**SUPPLIED DATA:**
lemma submodule_eq_gen_submodule_Zw:
  assumes V': "is_submodule sc E F H V'" and I: "\<And>q. Zw q \<in> V' \<longleftrightarrow> g dvd q"
  shows "V' = gen_submodule sc E F H {Zw g}"
proof -
  define U where "U = gen_submodule sc E F H {Zw g}"
  have U: "is_submodule sc E F H U"
    unfolding U_def by (rule submodule_gen_submodule)
  have "U \<subseteq> V'"
    unfolding U_def using I by (intro gen_submodule_least [OF V']) auto
  have Zw_U: "Zw c \<in> U" if "Zw c \<in> V'" for c
  proof -
    have "g dvd c"
      using that I [of c] by simp
    then obtain d where "c = g * d" ..
    then have "Zw c = poly_op sc d \<Omega> (Zw g)"
      by (simp add: Zw_mult mult.commute)
    moreover have "Zw g \<in> U"
      unfolding U_def by (rule subsetD [OF gen_submodule_superset]) simp
    ultimately show ?thesis
      by (simp add: submodule_poly_Omega [OF U])
  qed
  have lift: "v \<in> U" if "v \<in> V'" and "X v \<in> U" for v
  proof -
    obtain k where "v \<in> W k"
      using W_exhaustive by blast
    then obtain c where c: "v - Zw c \<in> U"
      using Whittaker_reduction [OF U] \<open>X v \<in> U\<close> by blast
    then have "v - (v - Zw c) \<in> V'"
      using subspace_diff [OF submodule_subspace [OF V'] \<open>v \<in> V'\<close>] \<open>U \<subseteq> V'\<close> by blast
    then have "Zw c \<in> U"
      by (simp add: Zw_U)
    then have "(v - Zw c) + Zw c \<in> U"
      by (rule subspace_add [OF submodule_subspace [OF U] c])
    then show ?thesis
      by simp
  qed
  have descent: "v \<in> U" if "v \<in> V'" and "(X ^^ N) v \<in> U" for N v
    using that
  proof (induction N arbitrary: v)
    case (Suc N)
    then show ?case
      using lift submodule_X [OF V'] by (simp add: funpow_Suc_right del: funpow.simps)
  qed simp
  have "V' \<subseteq> U"
  proof
    fix v assume "v \<in> V'"
    obtain k where "v \<in> W k"
      using W_exhaustive by blast
    then have "(X ^^ Suc k) v \<in> U"
      using X_pow_W subspace_0 [OF submodule_subspace [OF U]] by (simp del: funpow.simps)
    with \<open>v \<in> V'\<close> show "v \<in> U"
      by (rule descent)
  qed
  with \<open>U \<subseteq> V'\<close> show ?thesis
    unfolding U_def by blast
qed
lemma span_norm_lin_le:
  assumes "fin_supp c" and "fin_supp d"
  shows "span_norm K (\<lambda>u. a * c u + b * d u) \<le> \<bar>a\<bar> * span_norm K c + \<bar>b\<bar> * span_norm K d"
proof (rule power2_le_imp_le)
  let ?nc = "span_norm K c" and ?nd = "span_norm K d"
  have "a * b * span_inner K c d \<le> \<bar>a\<bar> * \<bar>b\<bar> * \<bar>span_inner K c d\<bar>"
    by (metis abs_ge_self abs_mult)
  also have "\<dots> \<le> \<bar>a\<bar> * \<bar>b\<bar> * (?nc * ?nd)"
    using span_inner_le_norm[OF assms] by (simp add: mult_left_mono)
  finally have cross: "a * b * span_inner K c d \<le> \<bar>a\<bar> * \<bar>b\<bar> * (?nc * ?nd)" .
  have "(span_norm K (\<lambda>u. a * c u + b * d u))\<^sup>2
      = a\<^sup>2 * ?nc\<^sup>2 + 2 * (a * b * span_inner K c d) + b\<^sup>2 * ?nd\<^sup>2"
    unfolding span_norm_square span_sqnorm_lin[OF assms] by simp
  also have "\<dots> \<le> a\<^sup>2 * ?nc\<^sup>2 + 2 * (\<bar>a\<bar> * \<bar>b\<bar> * (?nc * ?nd)) + b\<^sup>2 * ?nd\<^sup>2"
    using cross by simp
  also have "\<dots> = (\<bar>a\<bar> * ?nc + \<bar>b\<bar> * ?nd)\<^sup>2"
    by (simp add: power2_sum power_mult_distrib mult_ac)
  finally show "(span_norm K (\<lambda>u. a * c u + b * d u))\<^sup>2 \<le> (\<bar>a\<bar> * ?nc + \<bar>b\<bar> * ?nd)\<^sup>2" .
qed (simp add: span_norm_nonneg)

lemma span_norm_diff_le:
  assumes "fin_supp c" and "fin_supp d"
  shows "span_norm K (\<lambda>u. c u - d u) \<le> span_norm K c + span_norm K d"
  using span_norm_lin_le[OF assms, of 1 "-1"] by simp

lemma span_norm_abs_diff_le:
  assumes "fin_supp c" and "fin_supp d"
  shows "\<bar>span_norm K c - span_norm K d\<bar> \<le> span_norm K (\<lambda>u. c u - d u)"
proof -
  have cd: "fin_supp (\<lambda>u. c u - d u)" using assms by (rule fin_supp_diff)
  have "span_norm K c \<le> span_norm K d + span_norm K (\<lambda>u. c u - d u)"
    using span_norm_lin_le[OF assms(2) cd, of 1 1] by simp
  moreover have "span_norm K d \<le> span_norm K c + span_norm K (\<lambda>u. c u - d u)"
    using span_norm_lin_le[OF assms(1) cd, of 1 "-1"] by simp
  ultimately show ?thesis by linarith
qed
lemma map_den_list_update_RVar:
  assumes "wf_defs ar ds" "\<forall>e\<in>set es. wf_expr ar ds e \<and> x \<notin> fv e" "i < length es"
  shows "map (\<lambda>e. den M ds e (\<rho>(x := den M ds (es ! i) \<rho>))) (es[i := RVar x]) =
         map (\<lambda>e. den M ds e \<rho>) es"
proof (rule nth_equalityI)
  fix j assume "j < length (map (\<lambda>e. den M ds e (\<rho>(x := den M ds (es ! i) \<rho>))) (es[i := RVar x]))"
  then have j: "j < length es" by simp
  show "map (\<lambda>e. den M ds e (\<rho>(x := den M ds (es ! i) \<rho>))) (es[i := RVar x]) ! j =
        map (\<lambda>e. den M ds e \<rho>) es ! j"
  proof (cases "j = i")
    case False
    have "den M ds (es ! j) (\<rho>(x := den M ds (es ! i) \<rho>)) = den M ds (es ! j) \<rho>"
      using assms(2) j by (intro ext den_cong[OF assms(1)]) auto
    with False j show ?thesis by simp
  qed (use assms(3) in \<open>auto intro!: ext\<close>)
qed simp

lemma den_Def_list_update_RVar:
  assumes "wf_defs ar ds" "find_def d ds = Some (xs, b, ds')" "length es = length xs"
    and "\<forall>e\<in>set es. wf_expr ar ds e \<and> x \<notin> fv e" "i < length es"
  shows "den M ds (Def d (es[i := RVar x])) (\<rho>(x := den M ds (es ! i) \<rho>)) w = den M ds (Def d es) \<rho> w"
proof -
  have "den M ds (Def d (es[i := RVar x])) (\<rho>(x := den M ds (es ! i) \<rho>)) w =
        den M ds' b (bind_params xs
          (map (\<lambda>e. den M ds e (\<rho>(x := den M ds (es ! i) \<rho>))) (es[i := RVar x])) \<rho>) w"
    using assms(3) by (intro den_Def[OF assms(1,2)]) simp
  also have "\<dots> = den M ds' b (bind_params xs (map (\<lambda>e. den M ds e \<rho>) es) \<rho>) w"
    unfolding map_den_list_update_RVar[OF assms(1,4,5)] ..
  also have "\<dots> = den M ds (Def d es) \<rho> w"
    by (rule den_Def[OF assms(1-3), symmetric])
  finally show ?thesis .
qed

theorem lemma1:
  fixes ar :: "'o \<Rightarrow> nat"
    and ds :: "('v, 'o, 'd) defs"
    and M :: "('o, 'v, 'u, 's) kmodel"
  assumes "wf_defs ar ds"
    and "find_def d ds = Some (xs, b, ds')"
    and "length es = length xs"
    and "\<forall>j < length es. wf_expr ar ds (es ! j)"
    and "i < length es"
    and "rigid ds (es ! i)"
    and "kripke_model M"
    and "w \<in> W M"
    and "\<forall>j < length es. x \<notin> fv (es ! j)"
  shows "eval ds M w (Def d es) =
         eval ds (M\<lparr>xi := (xi M)(x := eval ds M w (es ! i))\<rparr>) w (Def d (es[i := RVar x]))"
proof -
  define \<rho> where "\<rho> = (\<lambda>z (_::'s). xi M z)"
  define v where "v = eval ds M w (es ! i)"
  have wf_es: "\<forall>e\<in>set es. wf_expr ar ds e \<and> x \<notin> fv e"
    using assms(4,9) by (auto simp: in_set_conv_nth)
  have wf_Def: "wf_expr ar ds (Def d es)" "wf_expr ar ds (Def d (es[i := RVar x]))"
    using assms(2,3) wf_es set_update_subset_insert[of es i "RVar x"] by auto
  have wf_i: "wf_expr ar ds (es ! i)"
    using assms(4,5) by blast
  have "den M ds (es ! i) \<rho> w' = v" for w'
    unfolding v_def eval_den[OF assms(1) wf_i] \<rho>_def
    by (rule den_rigid_state_independent[OF assms(1) wf_i assms(6)])
  then have "(\<lambda>z _. xi (M\<lparr>xi := (xi M)(x := v)\<rparr>) z) = \<rho>(x := den M ds (es ! i) \<rho>)"
    by (auto intro!: ext simp: \<rho>_def)
  then have "eval ds (M\<lparr>xi := (xi M)(x := v)\<rparr>) w (Def d (es[i := RVar x])) =
             den M ds (Def d es) \<rho> w"
    unfolding eval_den[OF assms(1) wf_Def(2)] den_update_xi
    using den_Def_list_update_RVar[OF assms(1-3) wf_es assms(5)] by simp
  then show ?thesis
    unfolding v_def eval_den[OF assms(1) wf_Def(1)] \<rho>_def by simp
qed

end
lemma sum_Qset_Suc_odd:
  fixes G :: "(nat \<Rightarrow> nat) \<times> (nat \<Rightarrow> 'y::finite) \<Rightarrow> (nat \<Rightarrow> nat) \<times> (nat \<Rightarrow> 'y) \<Rightarrow> nat \<Rightarrow> 'a::comm_monoid_add"
  assumes "L > 0"
  shows "(\<Sum>q\<in>Qset L (Suc n) (2*p + 1). G (left_query L n p q) (right_query L n p q) (fst q (2*p)))
     = (\<Sum>qa\<in>Qset L n p. \<Sum>qb\<in>Qset L n p. \<Sum>s<L. G qa qb s)"
proof -
  define V where "V = {0..<p} \<rightarrow>\<^sub>E {0..<L}"
  define Y where "Y = {0..<2^n::nat} \<rightarrow>\<^sub>E (UNIV :: 'y set)"
  have "(\<Sum>q\<in>Qset L (Suc n) (2*p + 1). G (left_query L n p q) (right_query L n p q) (fst q (2*p)))
      = (\<Sum>w\<in>{0..<2*p + 1} \<rightarrow>\<^sub>E {0..<L}. \<Sum>y1\<in>Y. \<Sum>y2\<in>Y.
           G (fst (split_past L p w), y1) (snd (split_past L p w), y2) (w (2*p)))"
    unfolding Qset_def left_query_def right_query_def Y_def sum.cartesian_product'
    by (rule sum.cong[OF refl], simp only: fst_conv snd_conv, rule sum_PiE_halves)
  also have "\<dots> = (\<Sum>vs\<in>(V \<times> V) \<times> {..<L}. \<Sum>y1\<in>Y. \<Sum>y2\<in>Y. G (fst (fst vs), y1) (snd (fst vs), y2) (snd vs))"
    unfolding V_def
    by (subst sum.reindex_bij_betw[OF bij_betw_split_past_last[OF assms], symmetric]) simp
  also have "\<dots> = (\<Sum>v1\<in>V. \<Sum>v2\<in>V. \<Sum>y1\<in>Y. \<Sum>y2\<in>Y. \<Sum>s<L. G (v1, y1) (v2, y2) s)"
    unfolding sum.cartesian_product' fst_conv snd_conv
    by (intro sum.cong[OF refl]) (rule sum_swap3)
  also have "\<dots> = (\<Sum>v1\<in>V. \<Sum>y1\<in>Y. \<Sum>v2\<in>V. \<Sum>y2\<in>Y. \<Sum>s<L. G (v1, y1) (v2, y2) s)"
    by (rule sum.cong[OF refl], rule sum.swap)
  also have "\<dots> = (\<Sum>qa\<in>Qset L n p. \<Sum>qb\<in>Qset L n p. \<Sum>s<L. G qa qb s)"
    unfolding Qset_def V_def Y_def sum.cartesian_product' ..
  finally show ?thesis .
qed

lemma all_less_double_iff: "(\<forall>j<2*p. Q j) \<longleftrightarrow> (\<forall>j<p. Q (2*j) \<and> Q (2*j + 1))" for p :: nat
proof
  assume pairs: "\<forall>j<p. Q (2*j) \<and> Q (2*j + 1)"
  show "\<forall>j<2*p. Q j"
  proof (intro allI impI)
    fix j assume "j < 2*p"
    then have "j div 2 < p" by auto
    moreover have "j = 2 * (j div 2) \<or> j = 2 * (j div 2) + 1" by presburger
    ultimately show "Q j" using pairs by metis
  qed
qed auto

lemma polar_past_join_halves_iff:
  assumes "L > 0" "p \<le> 2^n" "\<And>j. j < 2*p \<Longrightarrow> w j < L"
  shows "(\<forall>j<2*p. polar_transform L (Suc n) (join_halves n a b) j = w j) \<longleftrightarrow>
    (\<forall>j<p. polar_transform L n a j = fst (split_past L p w) j
         \<and> polar_transform L n b j = snd (split_past L p w) j)"
  unfolding all_less_double_iff
proof (intro all_cong1 imp_cong refl)
  fix j assume "j < p"
  then have "j < 2^n" "w (2*j) < L" "w (2*j + 1) < L" using assms by simp_all
  then show "(polar_transform L (Suc n) (join_halves n a b) (2*j) = w (2*j)
      \<and> polar_transform L (Suc n) (join_halves n a b) (2*j + 1) = w (2*j + 1))
    \<longleftrightarrow> (polar_transform L n a j = fst (split_past L p w) j
      \<and> polar_transform L n b j = snd (split_past L p w) j)"
    unfolding polar_transform_join_halves_even[OF \<open>j < 2^n\<close>]
      polar_transform_join_halves_odd[OF \<open>j < 2^n\<close>]
    using \<open>j < p\<close> polar_transform_less[OF assms(1)]
      add_mod_eq_iff_eq_sub_mod[of "polar_transform L n b j" L "polar_transform L n a j" "w (2*j)"]
    by (auto simp: split_past_def add.commute)
qed

lemma joint_UQ_Suc:
  "joint_UQ L P (Suc n) m c (w, y) =
     (\<Sum>a\<in>{0..<2^n} \<rightarrow>\<^sub>E {0..<L}. \<Sum>b\<in>{0..<2^n} \<rightarrow>\<^sub>E {0..<L}.
        if (\<forall>j<m. polar_transform L (Suc n) (join_halves n a b) j = w j)
           \<and> polar_transform L (Suc n) (join_halves n a b) m = c
        then (\<Prod>j<2^n. P (a j) (lower_half n y j)) * (\<Prod>j<2^n. P (b j) (upper_half n y j))
        else 0)"
proof -
  have split_prod: "(\<Prod>j<2^Suc n. P (join_halves n a b j) (y j))
      = (\<Prod>j<2^n. P (a j) (lower_half n y j)) * (\<Prod>j<2^n. P (b j) (upper_half n y j))" for a b
    unfolding prod_join_halves[where F="\<lambda>x j. P x (y j)"] by (simp add: lower_half_def upper_half_def)
  show ?thesis
    unfolding joint_UQ_def sum_PiE_join_halves snd_conv fst_conv split_prod ..
qed

lemma joint_UQ_Suc_odd:
  assumes L: "L > 0" and "p < 2^n" and q: "q \<in> Qset L (Suc n) (2*p + 1)" and "c < L"
  shows "joint_UQ L P (Suc n) (2*p + 1) c q =
     joint_UQ L P n p ((fst q (2*p) + L - c) mod L) (left_query L n p q)
     * joint_UQ L P n p c (right_query L n p q)"
proof -
  obtain w y where qwy: "q = (w, y)" by (cases q)
  have w: "w j < L" if "j < 2*p + 1" for j using q that by (auto simp: qwy Qset_def)
  define U where "U = polar_transform L n"
  define A where "A a \<longleftrightarrow> (\<forall>j<p. U a j = fst (split_past L p w) j) \<and> U a p = (w (2*p) + L - c) mod L" for a
  define B where "B b \<longleftrightarrow> (\<forall>j<p. U b j = snd (split_past L p w) j) \<and> U b p = c" for b
  define PA where "PA a = (\<Prod>j<2^n. P (a j) (lower_half n y j))" for a
  define PB where "PB b = (\<Prod>j<2^n. P (b j) (upper_half n y j))" for b
  have event: "((\<forall>j<2*p + 1. polar_transform L (Suc n) (join_halves n a b) j = w j)
      \<and> polar_transform L (Suc n) (join_halves n a b) (2*p + 1) = c) \<longleftrightarrow> A a \<and> B b" for a b
  proof -
    have "(\<forall>j<2*p + 1. polar_transform L (Suc n) (join_halves n a b) j = w j) \<longleftrightarrow>
        (\<forall>j<2*p. polar_transform L (Suc n) (join_halves n a b) j = w j)
        \<and> (U a p + U b p) mod L = w (2*p)"
      using polar_transform_join_halves_even[OF \<open>p < 2^n\<close>] by (auto simp: U_def less_Suc_eq)
    moreover have "(U a p + U b p) mod L = w (2*p) \<and> U b p = c \<longleftrightarrow> U a p = (w (2*p) + L - c) mod L \<and> U b p = c"
      using add_mod_eq_iff_eq_sub_mod[of "U b p" L "U a p" "w (2*p)"] w[of "2*p"] polar_transform_less[OF L]
      by (auto simp: U_def add.commute)
    ultimately show ?thesis
      using polar_past_join_halves_iff[OF L less_imp_le[OF \<open>p < 2^n\<close>], of w a b] w
        polar_transform_join_halves_odd[OF \<open>p < 2^n\<close>]
      unfolding A_def B_def U_def by auto
  qed
  have "joint_UQ L P (Suc n) (2*p + 1) c q
      = (\<Sum>a\<in>{0..<2^n} \<rightarrow>\<^sub>E {0..<L}. \<Sum>b\<in>{0..<2^n} \<rightarrow>\<^sub>E {0..<L}. if A a \<and> B b then PA a * PB b else 0)"
    unfolding qwy joint_UQ_Suc event PA_def PB_def ..
  also have "\<dots> = (\<Sum>a\<in>{0..<2^n} \<rightarrow>\<^sub>E {0..<L}. if A a then PA a else 0)
      * (\<Sum>b\<in>{0..<2^n} \<rightarrow>\<^sub>E {0..<L}. if B b then PB b else 0)"
    unfolding sum_product by (intro sum.cong refl) simp
  also have "\<dots> = joint_UQ L P n p ((fst q (2*p) + L - c) mod L) (left_query L n p q)
      * joint_UQ L P n p c (right_query L n p q)"
    unfolding joint_UQ_def left_query_def right_query_def qwy A_def B_def U_def PA_def PB_def
    by (simp only: fst_conv snd_conv)
  finally show ?thesis .
qed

**WORK TO COMPLETE:** Please give the number of lines in the entries that contain the word "symmetric", and nothing besides it.

**REPLY:** 2